Key Issues Found by NFRA

  1. Failure to Exercise Due Diligence in Fraud Detection
    The NFRA found that the Engagement Partner (EP), CA Chirag Doshi, failed to perform his duties with due diligence, displaying gross negligence in relation to his obligation to report fraud under Section 143(12) of the Companies Act, 2013, and the relevant Standards on Auditing (SA 240). Despite multiple indicators of fraud—such as discrepancies in Expected Credit Loss (ECL) provisions and unusual sales transactions—the EP failed to investigate or raise concerns.
  2. Insufficient Audit Evidence
    One of the critical lapses noted was the failure to obtain sufficient appropriate audit evidence in relation to UIL’s investments in fellow subsidiaries, such as UIL Singapore Pte Ltd, UIL Hong Kong Ltd, and Uttam Galva Ferrous Ltd (UGFL). The EP relied solely on a valuation report provided by a management expert, without challenging its assumptions or independently assessing impairment requirements, even though the expert had explicitly stated that no due diligence was conducted.
  3. Deficiencies in Audit Documentation
    The NFRA also highlighted deficiencies in the audit working papers, noting that some lacked authentication by the preparer, undated signatures of the EP, and even documents prepared by someone who was not part of the audit team. This contravenes the requirements of SA 230, which mandates detailed and properly documented audit procedures to ensure transparency and accountability.
  4. Non-compliance with Ind AS 16
    The auditor failed to report non-compliances related to Ind AS 16, which mandates disclosure of the existence and amounts of restrictions on title and property, plant, and equipment pledged as security for liabilities. Such disclosures are vital for stakeholders to accurately understand the financial position of the company.
  5. Improper Basis for Disclaimer of Opinion on Internal Financial Control
    The NFRA found that the disclaimer of opinion on Internal Financial Control over Financial Reporting (ICOFR) was based solely on an NCLT order. The EP did not provide sufficient basis for disclaiming opinion, pointing to negligence in fulfilling statutory obligations.

Penalty and Outcome
After evaluating the evidence and giving the auditor an opportunity to present his defense, the NFRA found CA Chirag Doshi guilty of professional misconduct and imposed a monetary penalty of ₹5,00,000. This action underscores the seriousness of auditors failing to meet their statutory responsibilities and the potential impact on financial stability and stakeholder trust.

Lessons for Auditors

This case underscores some important lessons for auditors, especially those involved in statutory audits of public interest entities:

  1. Exercise Professional Skepticism
    Auditors must maintain a questioning mindset, especially when confronted with red flags such as sharp increases in provisions or inconsistencies in financial data. Reliance on management experts should involve verifying their competence and the validity of their conclusions.
  2. Ensure Proper Documentation
    Proper audit documentation is fundamental. Every piece of evidence and every judgment made during the audit must be properly documented, authenticated, and dated. Failing to do so can raise questions about the integrity of the audit.
  3. Comply with Accounting and Auditing Standards
    Auditors must ensure that they comply with all applicable standards, such as Ind AS and Standards on Auditing. For instance, failure to disclose restrictions on assets or failure to properly assess the need for impairment can mislead stakeholders.

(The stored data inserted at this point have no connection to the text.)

lemma M_prod_pred_state_mass_le:
  fixes f :: "('ob::finite, 'a::finite) model"
  assumes vm: "valid_model H f" and cts: "core_test_sets H f U" and vp: "valid_policy H \<pi>"
    and h: "1 \<le> h" "h + n \<le> H" and \<tau>: "length \<tau> = h - 1" and \<tau>': "length \<tau>' = h - 1"
  shows "(\<Sum>seg\<in>{seg. length seg = n}.
      l1norm (U (h + n)) (M_prod f U h seg (pred_state f U h \<tau>')) * pol_prob \<pi> h \<tau> seg) \<le> UA_card H U"
proof -
  let ?g = "\<lambda>\<sigma>. l1norm (U (h + n)) (pred_state f U (h + n) \<sigma>)"
  have "l1norm (U (h + n)) (M_prod f U h seg (pred_state f U h \<tau>')) = obs_prob f h \<tau>' seg * ?g (\<tau>' @ seg)"
    if "length seg = n" for seg
    using that h \<tau>' obs_prob_nonneg[OF vm h(1) _ \<tau>', of seg]
    by (simp add: M_prod_pred_state[OF vm cts] l1norm_def abs_mult sum_distrib_left)
  then have "(\<Sum>seg\<in>{seg. length seg = n}.
      l1norm (U (h + n)) (M_prod f U h seg (pred_state f U h \<tau>')) * pol_prob \<pi> h \<tau> seg)
      = (\<Sum>seg\<in>{seg. length seg = n}. obs_prob f h \<tau>' seg * pol_prob \<pi> h \<tau> seg * ?g (\<tau>' @ seg))"
    by (simp add: mult_ac)
  also have "\<dots> \<le> UA_card H U"
  proof (rule obs_pol_expectation_le[OF vm vp h(1) _ \<tau> \<tau>'])
    fix \<sigma> :: "('ob, 'a) hist"
    assume "length \<sigma> = h - 1 + n"
    then have "?g \<sigma> \<le> card (snd ` U (h + n))"
      using h by (intro l1norm_pred_state_le[OF vm cts]) auto
    also have "\<dots> \<le> UA_card H U"
      using card_action_seqs_le_UA_card[of "h + n" H U] h by simp
    finally show "?g \<sigma> \<le> UA_card H U" by simp
  qed (use h in auto)
  finally show ?thesis .
qed

lemma M_apply_eq_if_orthogonal:
  fixes f :: "('ob::finite, 'a::finite) model"
  assumes cts: "core_test_sets H f U" and h: "1 \<le> h" "Suc h \<le> H"
    and orth: "\<forall>\<tau>. length \<tau> = h - 1 \<longrightarrow> (\<Sum>v\<in>U h. (x v - y v) * pred_state f U h \<tau> v) = 0"
  shows "M_apply f U ob a h x = M_apply f U ob a h y"
proof
  fix u
  show "M_apply f U ob a h x u = M_apply f U ob a h y u"
  proof (cases "u \<in> U (Suc h)")
    case True
    then have "is_test H (Suc h) u"
      using cts h unfolding core_test_sets_def by auto
    then have "is_test H h (ob # fst u, a # snd u)"
      by (auto simp: is_test_def)
    then have "(\<Sum>v\<in>U h. (x v - y v) * m_vec f U h (ob # fst u, a # snd u) v) = 0"
      using orth h by (intro fspan_orthogonal[OF m_vec_spec(1)[OF cts]]) auto
    then show ?thesis
      using True by (simp add: M_apply_def left_diff_distrib sum_subtractf mult.commute)
  qed (simp add: M_apply_def)
qed

lemma core_bound_histories:
  fixes f :: "('ob, 'a) model"
  assumes cb: "core_bound H f U \<alpha> (h - 1)" and h: "1 \<le> h"
  obtains hs where "\<forall>\<tau>\<in>set hs. length \<tau> = h - 1"
    and "\<forall>\<tau>. length \<tau> = h - 1 \<longrightarrow> pred_state f U h \<tau> \<in> fspan (pred_state f U h ` set hs)"
    and "opnorm11_le (U h) {..<length hs} (pinv (U h) {..<length hs} (core_mat f U (h - 1) hs)) (1 / \<alpha>)"
proof (cases "h = 1")
  case True
  interpret V: vector_space "fscale :: real \<Rightarrow> (('ob, 'a) test \<Rightarrow> real) \<Rightarrow> (('ob, 'a) test \<Rightarrow> real)"
    by (rule vector_space_fscale)
  \<comment> \<open>K_0 = q_0 is the predictive state of the empty history, the only history of length 0.\<close>
  have "\<forall>\<tau>. length \<tau> = h - 1 \<longrightarrow> pred_state f U h \<tau> \<in> fspan (pred_state f U h ` set [[]])"
    using True by (auto intro!: V.span_base)
  with cb True show ?thesis
    by (intro that[of "[[]]"]) (auto simp: core_bound_def)
next
  case False
  then have "h - 1 \<noteq> 0" "Suc (h - 1) = h"
    using h by auto
  with cb obtain hs where "\<forall>\<tau>\<in>set hs. length \<tau> = h - 1"
    and "\<forall>\<tau>. length \<tau> = h - 1 \<longrightarrow> pred_state f U h \<tau> \<in> fspan (pred_state f U h ` set hs)"
    and "opnorm11_le (U h) {..<length hs} (pinv (U h) {..<length hs} (core_mat f U (h - 1) hs)) (1 / \<alpha>)"
    unfolding core_bound_def by auto
  then show ?thesis
    by (rule that)
qed

lemma M_prod_eq_core_combination:
  fixes f :: "('ob::finite, 'a::finite) model" and x :: "('ob, 'a) test \<Rightarrow> real"
  assumes cts: "core_test_sets H f U" and h: "1 \<le> h" "Suc h \<le> H"
    and span: "\<forall>\<tau>. length \<tau> = h - 1 \<longrightarrow> pred_state f U h \<tau> \<in> fspan (pred_state f U h ` set hs)"
    and seg: "seg \<noteq> []"
  defines "z \<equiv> \<lambda>i. \<Sum>s\<in>U h. pinv (U h) {..<length hs} (core_mat f U (h - 1) hs) i s * x s"
  shows "M_prod f U h seg x = M_prod f U h seg (\<lambda>v. \<Sum>i<length hs. z i * pred_state f U h (hs ! i) v)"
proof -
  let ?y = "\<lambda>v. \<Sum>i<length hs. z i * pred_state f U h (hs ! i) v"
  have fin: "finite (U h)"
    using cts h unfolding core_test_sets_def by auto
  have K: "core_mat f U (h - 1) hs = (\<lambda>v i. pred_state f U h (hs ! i) v)"
    using h by (simp add: core_mat_def)
  \<comment> \<open>?y is K z with z the pseudo-inverse image of x, so x - ?y is orthogonal to the columns of K.\<close>
  have "(\<Sum>v\<in>U h. (x v - ?y v) * pred_state f U h (hs ! i) v) = 0" if "i < length hs" for i
    using pinv_residual_orthogonal[OF fin finite_lessThan[of "length hs"], where k = i and x = x
        and K = "core_mat f U (h - 1) hs"] that
    unfolding z_def K by (simp add: mult.commute)
  then have "\<forall>w\<in>pred_state f U h ` set hs. (\<Sum>v\<in>U h. (x v - ?y v) * w v) = 0"
    by (auto simp: in_set_conv_nth)
  then have "\<forall>\<tau>. length \<tau> = h - 1 \<longrightarrow> (\<Sum>v\<in>U h. (x v - ?y v) * pred_state f U h \<tau> v) = 0"
    using span by (auto intro: fspan_orthogonal)
  then have "M_apply f U ob a h x = M_apply f U ob a h ?y" for ob a
    by (rule M_apply_eq_if_orthogonal[OF cts h])
  moreover obtain ob a seg' where "seg = (ob, a) # seg'"
    using seg by (metis list.exhaust prod.exhaust)
  ultimately show ?thesis
    by simp
qed

theorem lemma10:
  fixes F :: "('ob::finite, 'a::finite) model set"
    and U :: "nat \<Rightarrow> ('ob, 'a) test set"
    and H :: nat and \<alpha> :: real
    and f :: "('ob, 'a) model" and \<pi> :: "('ob, 'a) policy"
    and \<tau> :: "('ob, 'a) hist" and x :: "('ob, 'a) test \<Rightarrow> real"
    and j1 j2 :: nat
  assumes alpha_pos: "0 < \<alpha>"
    and model_class: "\<forall>g\<in>F. valid_model H g \<and> core_test_sets H g U \<and> (\<forall>h<H. core_bound H g U \<alpha> h)"
    and obs_in_UH: "\<forall>ob. ([ob], []) \<in> U H"
    and f_in: "f \<in> F"
    and pol: "valid_policy H \<pi>"
    and j: "1 \<le> j1" "j1 \<le> j2" "j2 \<le> H - 1"
    and tau: "length \<tau> = j1 - 1"
  shows "(\<Sum>seg\<in>{seg. length seg = j2 - j1 + 1}.
            l1norm (U (Suc j2)) (M_prod f U j1 seg x) * pol_prob \<pi> j1 \<tau> seg)
         \<le> real (UA_card H U) / \<alpha> * l1norm (U j1) x"
proof -
  have vm: "valid_model H f" and cts: "core_test_sets H f U" and cb: "core_bound H f U \<alpha> (j1 - 1)"
    using model_class f_in j by auto
  have j1: "1 \<le> j1" "Suc j1 \<le> H" and n: "j1 + (j2 - j1 + 1) \<le> H"
    and j2: "j1 + (j2 - j1 + 1) = Suc j2"
    using j by auto
  obtain hs where hs: "\<forall>\<tau>\<in>set hs. length \<tau> = j1 - 1"
    and span: "\<forall>\<tau>. length \<tau> = j1 - 1 \<longrightarrow> pred_state f U j1 \<tau> \<in> fspan (pred_state f U j1 ` set hs)"
    and bound: "opnorm11_le (U j1) {..<length hs} (pinv (U j1) {..<length hs} (core_mat f U (j1 - 1) hs)) (1 / \<alpha>)"
    using core_bound_histories[OF cb j(1)] by blast
  define z where "z = (\<lambda>i. \<Sum>s\<in>U j1. pinv (U j1) {..<length hs} (core_mat f U (j1 - 1) hs) i s * x s)"
  let ?segs = "{seg :: ('ob, 'a) hist. length seg = j2 - j1 + 1}"
  let ?mass = "\<lambda>y. \<Sum>seg\<in>?segs. l1norm (U (Suc j2)) (M_prod f U j1 seg y) * pol_prob \<pi> j1 \<tau> seg"
  have "M_prod f U j1 seg x = M_prod f U j1 seg (\<lambda>v. \<Sum>i<length hs. z i * pred_state f U j1 (hs ! i) v)"
    if "seg \<in> ?segs" for seg
    using that unfolding z_def by (intro M_prod_eq_core_combination[OF cts j1 span]) auto
  then have "?mass x = ?mass (\<lambda>v. \<Sum>i<length hs. z i * pred_state f U j1 (hs ! i) v)"
    by (intro sum.cong) auto
  also have "\<dots> \<le> (\<Sum>i<length hs. \<bar>z i\<bar> * ?mass (pred_state f U j1 (hs ! i)))"
    using pol_prob_nonneg[OF pol j(1) _ tau] n by (intro M_prod_mass_sum_le) auto
  also have "\<dots> \<le> (\<Sum>i<length hs. \<bar>z i\<bar> * UA_card H U)"
    using M_prod_pred_state_mass_le[OF vm cts pol j(1) n tau, unfolded j2] hs
    by (intro sum_mono mult_left_mono) auto
  also have "\<dots> = UA_card H U * l1norm {..<length hs} z"
    by (simp add: l1norm_def sum_distrib_left mult.commute)
  also have "\<dots> \<le> UA_card H U * (1 / \<alpha> * l1norm (U j1) x)"
    using bound by (intro mult_left_mono) (auto simp: opnorm11_le_def z_def)
  finally show ?thesis
    by simp
qed

end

Example: Imagine you are auditing a company that reports a significant jump in provisions for credit losses and has dealings with entities that defaulted in the past. Ignoring these issues without adequate investigation or documentation can lead to severe penalties—not only financial but also reputational. In the case of CA Chirag Doshi, the NFRA imposed a penalty of ₹5,00,000, underlining the consequences of failing to uphold auditing standards.

Common Questions (Q&A)

Q1: What should auditors do when they come across potential fraud indicators?
A: Auditors should investigate the issue thoroughly, gather sufficient evidence, and apply professional skepticism. If necessary, report it under Section 143(12) of the Companies Act.

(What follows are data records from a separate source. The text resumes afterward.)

(* Let $b\ge 1$ be an integer and let $a_1<a_2<\dots<a_l$ be integers such that $a_{i+1}-a_i\le b$ for all $1\le i<l$. Set $A=\{a_1,a_2,\dots,a_l\}$. Then for every integer $n>2b^2$, \[ nA=(n-2b^2)\{a_1,a_l\}+2b^2A. \]
   Context: For a subset $A$ of an abelian group and a positive integer $n$, $nA=A+A+\dots+A$ ($n$ summands) denotes the $n$-fold sumset $\{c_1+\dots+c_n : c_i\in A\}$ (repetitions allowed); sums of sets are Minkowski sums $X+Y=\{x+y: x\in X, y\in Y\}$. *)

theory Defs
  imports Main
begin

definition msum :: "int set \<Rightarrow> int set \<Rightarrow> int set" where
  "msum X Y = {x + y | x y. x \<in> X \<and> y \<in> Y}"

fun nfold :: "nat \<Rightarrow> int set \<Rightarrow> int set" where
  "nfold 0 A = {0}"
| "nfold (Suc n) A = msum A (nfold n A)"

end

theory Submission
  imports Defs "HOL-Library.FuncSet"
begin

text \<open>Write an element of \<open>(k+1)A\<close>, \<open>k \<ge> 2b\<^sup>2\<close>, as a sum of \<open>k+1\<close> summands from \<open>A\<close>,
choosing the representation with the largest sum of squares. If no summand were an endpoint of
\<open>A\<close>, every summand could move down and up within \<open>A\<close> by steps in \<open>{1..b}\<close>. Among the
\<open>b\<^sup>2\<close> smallest summands some \<open>b\<close> share a down-step \<open>d\<close>, among the others some \<open>b\<close> share an
up-step \<open>e\<close>; lowering \<open>e\<close> of the former by \<open>d\<close> and raising \<open>d\<close> of the latter by \<open>e\<close> keeps
the sum but increases the sum of squares. So some summand is \<open>min A\<close> or \<open>max A\<close>, i.e.
\<open>(k+1)A \<subseteq> {min A, max A} + kA\<close>, and iterating gives the theorem.\<close>

lemma msum_mono: "X \<subseteq> X' \<Longrightarrow> Y \<subseteq> Y' \<Longrightarrow> msum X Y \<subseteq> msum X' Y'"
  unfolding msum_def by blast

lemma msum_assoc: "msum X (msum Y Z) = msum (msum X Y) Z"
  unfolding msum_def by auto (metis add.assoc)+

lemma msum_zero_left [simp]: "msum {0} Y = Y"
  unfolding msum_def by auto

lemma nfold_add: "nfold (p + q) A = msum (nfold p A) (nfold q A)"
  by (induction p) (simp_all add: msum_assoc)

lemma nfold_mono: "E \<subseteq> A \<Longrightarrow> nfold p E \<subseteq> nfold p A"
  by (induction p) (simp_all add: msum_mono)

lemma sum_in_nfold:
  assumes "finite S" "\<And>i. i \<in> S \<Longrightarrow> c i \<in> A"
  shows "sum c S \<in> nfold (card S) A"
  using assms by (induction S rule: finite_induct) (auto simp: msum_def)

lemma nfold_obtain_sum:
  assumes "x \<in> nfold n A"
  obtains c where "\<And>i. i < n \<Longrightarrow> c i \<in> A" "x = (\<Sum>i<n. c i)"
  using assms
proof (induction n arbitrary: x thesis)
  case 0
  then show ?case by simp
next
  case (Suc n)
  then obtain y z where y: "y \<in> A" and z: "z \<in> nfold n A" and x: "x = y + z"
    by (auto simp: msum_def)
  obtain c where c: "\<And>i. i < n \<Longrightarrow> c i \<in> A" and "z = (\<Sum>i<n. c i)"
    using Suc.IH[OF _ z] by blast
  moreover have "(\<Sum>i<n. (c(n := y)) i) = (\<Sum>i<n. c i)"
    by (intro sum.cong) auto
  ultimately have "x = (\<Sum>i<Suc n. (c(n := y)) i)"
    by (simp add: x)
  moreover have "(c(n := y)) i \<in> A" if "i < Suc n" for i
    using that c y by (auto simp: less_Suc_eq)
  ultimately show ?case using Suc.prems(1) by blast
qed

lemma ex_subset_card_below_rest:
  fixes c :: "'a \<Rightarrow> 'b::linorder"
  assumes "finite S" "p \<le> card S"
  shows "\<exists>L\<subseteq>S. card L = p \<and> (\<forall>i\<in>L. \<forall>j\<in>S - L. c i \<le> c j)"
  using assms(2)
proof (induction p)
  case 0
  then show ?case by auto
next
  case (Suc p)
  then obtain L where L: "L \<subseteq> S" "card L = p" "\<forall>i\<in>L. \<forall>j\<in>S - L. c i \<le> c j"
    by auto
  have finL: "finite L" using L(1) assms(1) finite_subset by blast
  have "S - L \<noteq> {}"
    using Suc.prems L(1,2) card_mono[OF finL, of S] by auto
  then have "Min (c ` (S - L)) \<in> c ` (S - L)"
    using assms(1) by simp
  then obtain j0 where j0: "j0 \<in> S - L" "c j0 = Min (c ` (S - L))"
    by auto
  then have "\<forall>j\<in>S - L. c j0 \<le> c j" using assms(1) by auto
  then have "\<forall>i\<in>insert j0 L. \<forall>j\<in>S - insert j0 L. c i \<le> c j" using L(3) by auto
  moreover have "card (insert j0 L) = Suc p" using j0 finL L(2) by simp
  ultimately show ?case using j0 L(1) by blast
qed

lemma ex_large_fibre:
  assumes "finite S" "f ` S \<subseteq> {1..b}" "0 < b" "b * b \<le> card S"
  shows "\<exists>d\<in>{1..b}. b \<le> card (f -` {d} \<inter> S)"
proof -
  obtain d where "d \<in> {1..b}" "card S \<le> card (f -` {d} \<inter> S) * b"
    using pigeonhole_card[of f S "{1..b}"] assms(1-3) by (auto simp: image_subset_iff_funcset)
  then show ?thesis using assms(3,4) by (metis le_trans mult_le_cancel2)
qed

lemma square_le_sum_squares_bounds:
  fixes u :: "'a::linordered_idom"
  assumes "lo \<le> u" "u \<le> hi"
  shows "u\<^sup>2 \<le> lo\<^sup>2 + hi\<^sup>2"
proof (cases "0 \<le> u")
  case True
  then have "u\<^sup>2 \<le> hi\<^sup>2" using assms(2) by (intro power_mono) auto
  then show ?thesis by (simp add: add_increasing)
next
  case False
  then have "(- u)\<^sup>2 \<le> (- lo)\<^sup>2" using assms(1) by (intro power_mono) auto
  then show ?thesis by (simp add: add_increasing2)
qed

definition exchange :: "'a set \<Rightarrow> 'a set \<Rightarrow> nat \<Rightarrow> nat \<Rightarrow> ('a \<Rightarrow> int) \<Rightarrow> 'a \<Rightarrow> int" where
  "exchange I J d e c i = (if i \<in> I then c i - int d else if i \<in> J then c i + int e else c i)"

Q2: Can issuing a Disclaimer of Opinion absolve an auditor of their responsibilities?
A: No, disclaiming an opinion does not relieve auditors of their statutory responsibilities, including fraud detection and compliance with reporting standards.

Q3: What happens if audit documentation is found incomplete or unsigned?
A: Such deficiencies can lead to penalties, as seen in this NFRA order. Proper audit documentation is crucial for transparency and accountability.